LA LIGA PLAYERS are set to strike for the first time in 27 years after failing to agree terms with league officials over the issue of improved salary guarantees.
“We have made clear that all the players support the players’ association,” Barcelona striker David Villa said. “If a solution is not found, we won’t play.”
And after this week’s unproductive meetings, it appears that any solution will be hard come by.
“It is impossible, at this point in the week, to reach a deal to sign a new collective bargaining agreement,” league president Jose Luis Astiazaran said on Thursday.
The conflict is all about player wages. Players want better guarantees, with clubs owing up to $72 million in unpaid salaries to more than 200 players.
The league has proposed to create a fund for players whose teams are under bankruptcy protection that would guarantee a minimum annual salary of $345,000 for players in the first division and $172,000 for those in the second division. It says this is “the maximum the league’s economic capacity” can afford.
However, the players’ association says that is not enough.
“The fund to guarantee salaries is a system imposed by the league so that the teams can continue to take advantage of bankruptcy protection with complete impunity,” the AFE said in a statement.
At the centre of the dispute is Spain’s bankruptcy law, which allows insolvent clubs to re-negotiate or delay paying player salaries — just like other outstanding debts — while under bankruptcy protection.
The players’ association wants to put on end to this and supports legislation making its way though the Spanish parliament that would immediately relegate clubs to the third division if they become insolvent and are unable to meet their payrolls. It is expected to pass in September, but wouldn’t go into effect until the end of this season.
There are six topflight clubs and a number of second-division clubs in bankruptcy protection.
Real Madrid coach Jose Mourinho said that he had no part in the conflict, but he would stand by his players’ decision.

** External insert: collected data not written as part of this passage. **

text \<open>For \<gamma> = 1 both f and g vanish on their domains, so b would be evaluated at 0; for
  \<gamma> = -1 the argument of the logarithm in g is identically -1.\<close>

lemma not_admissible_I_degenerate:
  fixes \<gamma> :: real
  assumes "\<gamma>\<^sup>2 = 1"
  shows "\<not> admissible (\<lambda>x. ln ((exp x / \<gamma>\<^sup>2 - 1) / (exp x - 1 / \<gamma>\<^sup>2)))
       {x. exp x - 1 / \<gamma>\<^sup>2 \<noteq> 0 \<and> (exp x / \<gamma>\<^sup>2 - 1) / (exp x - 1 / \<gamma>\<^sup>2) > 0}
     (\<lambda>x. ln ((\<gamma> * exp x - 1) / (exp x - \<gamma>)))
       {x. exp x - \<gamma> \<noteq> 0 \<and> (\<gamma> * exp x - 1) / (exp x - \<gamma>) > 0}
     {x. exp x - 1 \<noteq> 0} v"
proof -
  from \<open>\<gamma>\<^sup>2 = 1\<close> have "\<gamma> = 1 \<or> \<gamma> = -1"
    by (simp add: power2_eq_1_iff)
  then show ?thesis
  proof
    assume "\<gamma> = 1"
    then show ?thesis
      by (auto simp: admissible_def)
  next
    assume "\<gamma> = -1"
    moreover have "(- exp x - 1) / (exp x + 1) = -1" for x :: real
      using exp_gt_zero[of x] by (subst divide_eq_minus_1_iff) linarith
    ultimately show ?thesis
      by (simp add: admissible_def)
  qed
qed

theorem mainTheorem4:
  fixes \<gamma> :: real
  assumes "\<gamma> \<noteq> 0"
  shows "
   \<comment> \<open>Case (A)\<close>
   (point_equivalent (\<lambda>x. - 2 * \<gamma> / x) {x. x \<noteq> 0} (\<lambda>x. \<gamma> / x) {x. x \<noteq> 0}
     (\<lambda>x. 1 / x) {x. x \<noteq> 0} (1/2)
     (\<lambda>v. 1 / (2 / (v 2 - v 0) + 1 / (v 0 - v 1) + 1 / (v 0 - v (-1)))
         - 1 / (2 / (v (-2) - v 0) + 1 / (v 0 - v 1) + 1 / (v 0 - v (-1)))))
   \<and>
   \<comment> \<open>Case (C)\<close>
   (point_equivalent
     (\<lambda>x. ln ((x - 2 * \<gamma>) / (x + 2 * \<gamma>))) {x. x + 2 * \<gamma> \<noteq> 0 \<and> (x - 2 * \<gamma>) / (x + 2 * \<gamma>) > 0}
     (\<lambda>x. ln ((x + \<gamma>) / (x - \<gamma>))) {x. x - \<gamma> \<noteq> 0 \<and> (x + \<gamma>) / (x - \<gamma>) > 0}
     (\<lambda>x. 1 / (exp x - 1)) {x. exp x - 1 \<noteq> 0} (1/4)
     (\<lambda>v. 1 / ((v 2 - v 0 + 2) * (v 1 - v 0 - 1) * (v (-1) - v 0 - 1)
                / ((v 2 - v 0 - 2) * (v 1 - v 0 + 1) * (v (-1) - v 0 + 1)) - 1)
         + 1 / ((v (-2) - v 0 - 2) * (v 1 - v 0 + 1) * (v (-1) - v 0 + 1)
                / ((v (-2) - v 0 + 2) * (v 1 - v 0 - 1) * (v (-1) - v 0 - 1)) - 1)))
   \<and>
   \<comment> \<open>Case (D)\<close>
   (point_equivalent
     (\<lambda>x. - ln (1 + 1 / x)) {x. x \<noteq> 0 \<and> 1 + 1 / x > 0}
     (\<lambda>x. ln x) {x. x > 0}
     (\<lambda>x. 1 / (exp x + 1)) UNIV 1
     (\<lambda>v. (v 0 - v (-1)) / (v 1 - v (-1) + (v 0 - v 1) / (v 0 - v 2))
         - (v 0 - v 1) / (v 1 - v (-1) + (v 0 - v (-1)) / (v 0 - v (-2)))))
   \<and>
   \<comment> \<open>Case (F)\<close>
   (point_equivalent
     (\<lambda>x. ln (exp (- x) - 1)) {x. exp (- x) - 1 > 0}
     (\<lambda>x. ln (exp x - 1)) {x. exp x - 1 > 0}
     (\<lambda>x. exp (- x)) UNIV 1
     (\<lambda>v. v 0 * ((1 - v 0 / v 2) * (1 - v (-1) / v 0)) / (1 - v 0 / v 1)
         + v 0 * ((1 - v (-2) / v 0) * (1 - v 0 / v 1)) / (1 - v (-1) / v 0)))
   \<and>
   \<comment> \<open>Case (H) at parameter 0\<close>
   (point_equivalent
     (\<lambda>x. ln (exp (- x) - 1)) {x. exp (- x) - 1 > 0}
     (\<lambda>x. ln (exp x + 1)) {x. exp x + 1 > 0}
     (\<lambda>x. exp (- x)) UNIV 1
     (\<lambda>v. v 0 * ((1 - v 0 / v 2) * (1 + v (-1) / v 0)) / (1 + v 0 / v 1)
         + v 0 * ((1 - v (-2) / v 0) * (1 + v 0 / v 1)) / (1 + v (-1) / v 0)))
   \<and>
   \<comment> \<open>Case (I)\<close>
   (point_equivalent
     (\<lambda>x. ln ((exp x / \<gamma>\<^sup>2 - 1) / (exp x - 1 / \<gamma>\<^sup>2)))
       {x. exp x - 1 / \<gamma>\<^sup>2 \<noteq> 0 \<and> (exp x / \<gamma>\<^sup>2 - 1) / (exp x - 1 / \<gamma>\<^sup>2) > 0}
     (\<lambda>x. ln ((\<gamma> * exp x - 1) / (exp x - \<gamma>)))
       {x. exp x - \<gamma> \<noteq> 0 \<and> (\<gamma> * exp x - 1) / (exp x - \<gamma>) > 0}
     (\<lambda>x. 1 / (exp x - 1)) {x. exp x - 1 \<noteq> 0}
     (- 1 / (1 + \<gamma>\<^sup>2))
     (\<lambda>v. (v 0 - \<gamma> * v (-1)) * (v 0 - \<gamma> * v 1) * (v 0 - v 2 / \<gamma>\<^sup>2)
           / ((\<gamma> * v (-1) - v 0) * (\<gamma> * v 1 - v 2) - (\<gamma> * v 0 - v 1) * (v (-1) - \<gamma> * v 2))
         - (v 0 - v (-1) / \<gamma>) * (v 0 - v 1 / \<gamma>) * (v 0 - \<gamma>\<^sup>2 * v (-2))
           / ((\<gamma> * v (-2) - v (-1)) * (\<gamma> * v 0 - v 1) - (\<gamma> * v (-1) - v 0) * (v (-2) - \<gamma> * v 1))))"
  apply (intro conjI)
  subgoal
    using target_A_eq_lattice_rhs[OF assms]
    by (intro point_equivalent_scaledI[where a = 1 and c = "2 * \<gamma>"]) (simp_all add: assms)
  subgoal
    using target_C_eq_lattice_rhs[OF assms]
    by (intro point_equivalent_scaledI[where a = \<gamma> and c = "4 * \<gamma>"]) (simp_all add: assms admissible_def)
  subgoal
    using target_D_eq_lattice_rhs
    by (intro point_equivalent_scaledI[where a = 1 and c = 1]) (simp_all add: admissible_def)
  subgoal
    using target_F_eq_lattice_rhs
    by (intro point_equivalent_expI[where c = "-1"]) (simp_all add: admissible_def)
  subgoal
    using target_H_eq_lattice_rhs
    by (intro point_equivalent_expI[where c = "-1"]) (simp_all add: admissible_def)
  subgoal
  proof (cases "\<gamma>\<^sup>2 = 1")
    case True
    then show ?thesis
      by (intro point_equivalent_if_none_admissible not_admissible_I_degenerate)
  next
    case False
    have "1 + \<gamma>\<^sup>2 \<noteq> 0"
      using zero_le_power2[of \<gamma>] by linarith
    with False show ?thesis
      using target_I_eq_lattice_rhs[OF assms False]
      by (intro point_equivalent_expI[where c = "(\<gamma>\<^sup>2 - 1) * (1 + \<gamma>\<^sup>2) / \<gamma>\<^sup>2"])
        (simp_all add: assms admissible_def)
  qed
  done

“That’s not my (problem, but) if it’s a decision by the players I have to respect that,” he said. “If we have to play next weekend, we are ready to play.”

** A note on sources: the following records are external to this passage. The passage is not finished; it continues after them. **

lemma rdeg_Fract:
  assumes "P \<noteq> 0" "Q \<noteq> 0"
  shows "rdeg v (Fract P Q) = ldeg v P - ldeg v Q"
  unfolding rdeg_def
proof (rule the_equality)
  show "\<exists>P' Q'. P' \<noteq> 0 \<and> Q' \<noteq> 0 \<and> Fract P Q = Fract P' Q' \<and> ldeg v P - ldeg v Q = ldeg v P' - ldeg v Q'"
    using assms by blast
next
  fix d assume "\<exists>P' Q'. P' \<noteq> 0 \<and> Q' \<noteq> 0 \<and> Fract P Q = Fract P' Q' \<and> d = ldeg v P' - ldeg v Q'"
  then obtain P' Q' where h: "P' \<noteq> 0" "Q' \<noteq> 0" "Fract P Q = Fract P' Q'" "d = ldeg v P' - ldeg v Q'"
    by blast
  then have "P * Q' = P' * Q" using assms eq_fract(1) by blast
  then have "ldeg v P + ldeg v Q' = ldeg v P' + ldeg v Q" using assms h by (metis ldeg_mult)
  then show "d = ldeg v P - ldeg v Q" using h by simp
qed

lemma xvar_mult_xinv: "xvar j * xinv i = frag_of (Poly_Mapping.single j 1 + Poly_Mapping.single i (-1))"
  by (simp add: xvar_def xinv_def lmono_def mult_single)

lemma ldeg_lsubst_xvar_mult_xinv:
  "ldeg w (lsubst g (xvar j * xinv i)) = Poly_Mapping.lookup (g j) w - Poly_Mapping.lookup (g i) w"
  by (simp add: xvar_mult_xinv lsubst_frag_of ldeg_frag_of mono_subst_add lookup_add
      lookup_mono_subst_single)

lemma ldeg_lsubst_one_minus:
  assumes "lsubst g (1 - qpow c * xvar j * xinv i) \<noteq> 0"
  shows "ldeg w (lsubst g (1 - qpow c * xvar j * xinv i))
    = max 0 (c * Poly_Mapping.lookup (g 0) w + Poly_Mapping.lookup (g j) w - Poly_Mapping.lookup (g i) w)"
proof -
  define m where "m = mono_subst g (Poly_Mapping.single 0 c + (Poly_Mapping.single j 1 + Poly_Mapping.single i (-1)))"
  have "lsubst g (1 - qpow c * xvar j * xinv i) = 1 - frag_of m"
    by (simp add: m_def mult.assoc xvar_mult_xinv qpow_def lmono_def mult_single lsubst_diff
        lsubst_one lsubst_frag_of)
  moreover from this assms have "m \<noteq> 0" by auto
  ultimately show ?thesis
    by (simp add: ldeg_one_minus_frag_of m_def mono_subst_add lookup_add lookup_mono_subst_single)
qed

lemma finite_Epairs: "finite (Epairs n)"
  by (rule finite_subset[of _ "{1..n} \<times> {1..n}"]) (auto simp: Epairs_def)

lemma lsubst_xvar_mult_xinv_nonzero: "lsubst g (xvar j * xinv i) \<noteq> 0"
  by (simp add: xvar_mult_xinv lsubst_frag_of)

lemma ldeg_lsubst_Apoly:
  assumes "finite Q"
  shows "ldeg w (lsubst g (Apoly Q))
    = (\<Sum>(i, j)\<in>Q. Poly_Mapping.lookup (g j) w - Poly_Mapping.lookup (g i) w)"
  using assms by (simp add: Apoly_def lsubst_prod ldeg_prod split_beta
      lsubst_xvar_mult_xinv_nonzero ldeg_lsubst_xvar_mult_xinv)

lemma ldeg_lsubst_Bpoly:
  assumes "lsubst g (Bpoly n a) \<noteq> 0"
  shows "ldeg w (lsubst g (Bpoly n a)) = (\<Sum>(i, j)\<in>Epairs n.
    max 0 (a j * Poly_Mapping.lookup (g 0) w + Poly_Mapping.lookup (g j) w - Poly_Mapping.lookup (g i) w))"
proof -
  have "lsubst g (1 - qpow (a j) * xvar j * xinv i) \<noteq> 0" if "(i, j) \<in> Epairs n" for i j
    using assms that finite_Epairs by (auto simp: Bpoly_def lsubst_prod)
  then show ?thesis
    by (simp add: Bpoly_def lsubst_prod ldeg_prod finite_Epairs split_beta ldeg_lsubst_one_minus)
qed

lemma rdeg_lsubst_Apoly_Bpoly:
  assumes "Q \<subseteq> Epairs n" "lsubst g (Bpoly n a) \<noteq> 0" "Poly_Mapping.lookup (g 0) w = 0"
  shows "rdeg w (Fract (lsubst g (Apoly Q)) (lsubst g (Bpoly n a)))
    = (\<Sum>(i, j)\<in>Q. Poly_Mapping.lookup (g j) w - Poly_Mapping.lookup (g i) w)
      - (\<Sum>(i, j)\<in>Epairs n. max 0 (Poly_Mapping.lookup (g j) w - Poly_Mapping.lookup (g i) w))"
proof -
  have "finite Q" using assms(1) finite_Epairs by (rule finite_subset)
  moreover have "lsubst g (Apoly Q) \<noteq> 0"
    using \<open>finite Q\<close> by (simp add: Apoly_def lsubst_prod split_beta lsubst_xvar_mult_xinv_nonzero)
  ultimately show ?thesis
    using assms(2,3) by (simp add: rdeg_Fract ldeg_lsubst_Apoly ldeg_lsubst_Bpoly)
qed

Other clubs have direct conflicts with the strike.
Villarreal faces a critical game on Tuesday when it must rally from a 1-0 deficit against Danish club Odense in its Champions League qualifying round series. The club has announced its players are expected to report for training Friday morning.

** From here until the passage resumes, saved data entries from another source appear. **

(* Let $\rho$ be a density operator on $A\otimes B$ with $A\cong B\cong\mathbb{C}^d$, let $0\le\varepsilon\le1$, and let $\sigma = \Delta_\varepsilon(\rho) = (1-\varepsilon)\rho + \frac{\varepsilon}{d^2}I$. Then $D_H^2(\sigma\|\sigma_A\otimes\sigma_B)\le C\sqrt{\varepsilon} + D_H^2(\rho\|\rho_A\otimes\rho_B)$, where the constant can be taken as $C = 4+4\sqrt2$.
   Context: $\rho_A,\rho_B$ (resp. $\sigma_A,\sigma_B$) are partial traces. $D_H^2(\rho\|\sigma) = \mathrm{tr}((\sqrt\rho-\sqrt\sigma)^2)$ is the squared quantum Hellinger distance. *)

theory Defs
  imports "HOL-Analysis.Analysis"
begin

text \<open>Square complex matrices indexed by a finite type; the bipartite system
  A \<otimes> B with A = B = C^d is indexed by the product type 'd \<times> 'd, d = CARD('d).\<close>

definition psd :: "complex^'n^'n \<Rightarrow> bool" where
  "psd M \<longleftrightarrow> (\<forall>x::complex^'n. \<exists>r::real. r \<ge> 0 \<and>
       (\<Sum>i\<in>UNIV. cnj (x $ i) * ((M *v x) $ i)) = complex_of_real r)"

definition density_op :: "complex^'n^'n \<Rightarrow> bool" where
  "density_op M \<longleftrightarrow> psd M \<and> trace M = 1"

definition msqrt :: "complex^'n^'n \<Rightarrow> complex^'n^'n" where
  "msqrt M = (THE S. psd S \<and> S ** S = M)"

definition tensor :: "complex^'a::finite^'a \<Rightarrow> complex^'b::finite^'b \<Rightarrow> complex^('a\<times>'b)^('a\<times>'b)" where
  "tensor X Y = (\<chi> p q. X $ fst p $ fst q * Y $ snd p $ snd q)"

definition ptrA :: "complex^('a::finite\<times>'b::finite)^('a\<times>'b) \<Rightarrow> complex^'a^'a" where
  "ptrA M = (\<chi> i k. \<Sum>j\<in>UNIV. M $ (i, j) $ (k, j))"

definition ptrB :: "complex^('a::finite\<times>'b::finite)^('a\<times>'b) \<Rightarrow> complex^'b^'b" where
  "ptrB M = (\<chi> j l. \<Sum>i\<in>UNIV. M $ (i, j) $ (i, l))"

definition hellinger_sq :: "complex^'n^'n \<Rightarrow> complex^'n^'n \<Rightarrow> real" where
  "hellinger_sq R S = Re (trace ((msqrt R - msqrt S) ** (msqrt R - msqrt S)))"

definition depol :: "real \<Rightarrow> complex^('d::finite\<times>'d)^('d\<times>'d) \<Rightarrow> complex^('d\<times>'d)^('d\<times>'d)" where
  "depol \<epsilon> M = (\<chi> p q. complex_of_real (1 - \<epsilon>) * M $ p $ q
      + complex_of_real (\<epsilon> / (real CARD('d))^2) * (mat 1 :: complex^('d\<times>'d)^('d\<times>'d)) $ p $ q)"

Barring a deal over the next few days, the AFE plans to continue the work stoppage the following weekend, delaying the second round of games as well.
The league wouldn’t begin until 10 September under such a scenario. The league has not announced if the games scheduled for the first week would then be played or if the calendar would be reshuffled.
“It looks like that until Christmas there are no possible dates for the games,” said Real Sociedad midfielder Xabi Prieto. “So if we have to we’ll play during the Christmas break.”
Since its creation in 1979, the AFE has called three previous strikes, the last coming in 1984.
- AP
Additional reporting: Paul Fennessy
How can these guys complain about their salaries when their being paid hundreds of thousands if not millions more than any average worker?
Fair play to these professional footballers standing up for there rights and the right to bleed as much cash as possible put of the ordinary football fan. People don’t understand the hardship and the working condition footballers are subjected to, made to work for 2 hrs a day, made to eat breakfast and lunch that your employer provides free of charge, made to take bonuses for being good at your job, made to travel first class to exotic locations at the clubs expense, made to take home your salary even thou you may be woefully incompetent at your job. These brave workers need the job security it’s ok for you or me to turn up on a Monday morning and be told "your jobs gone were bankrupt" but can you imagine the chaos if a load of footballers were out of work, society would breakdown as we know it. I for one support these hero’s!
You’re both missing the point of the strike action. It’s been proposed by the smaller clubs, those with serious debt problems, those that haven’t been able to pay their players a wage in over a year in some cases. This is nothing to do with the big clubs of the league and the galactic salaries they command.
The Spanish league differs to others in how TV payments and other perks are paid out, usually with very little going to the smaller clubs who cannot afford now to compete.
It needs to change, hence I’m all for this strike and hope it provides the small clubs with a resolution (and I’m a lifelong genuine Barcelona fan).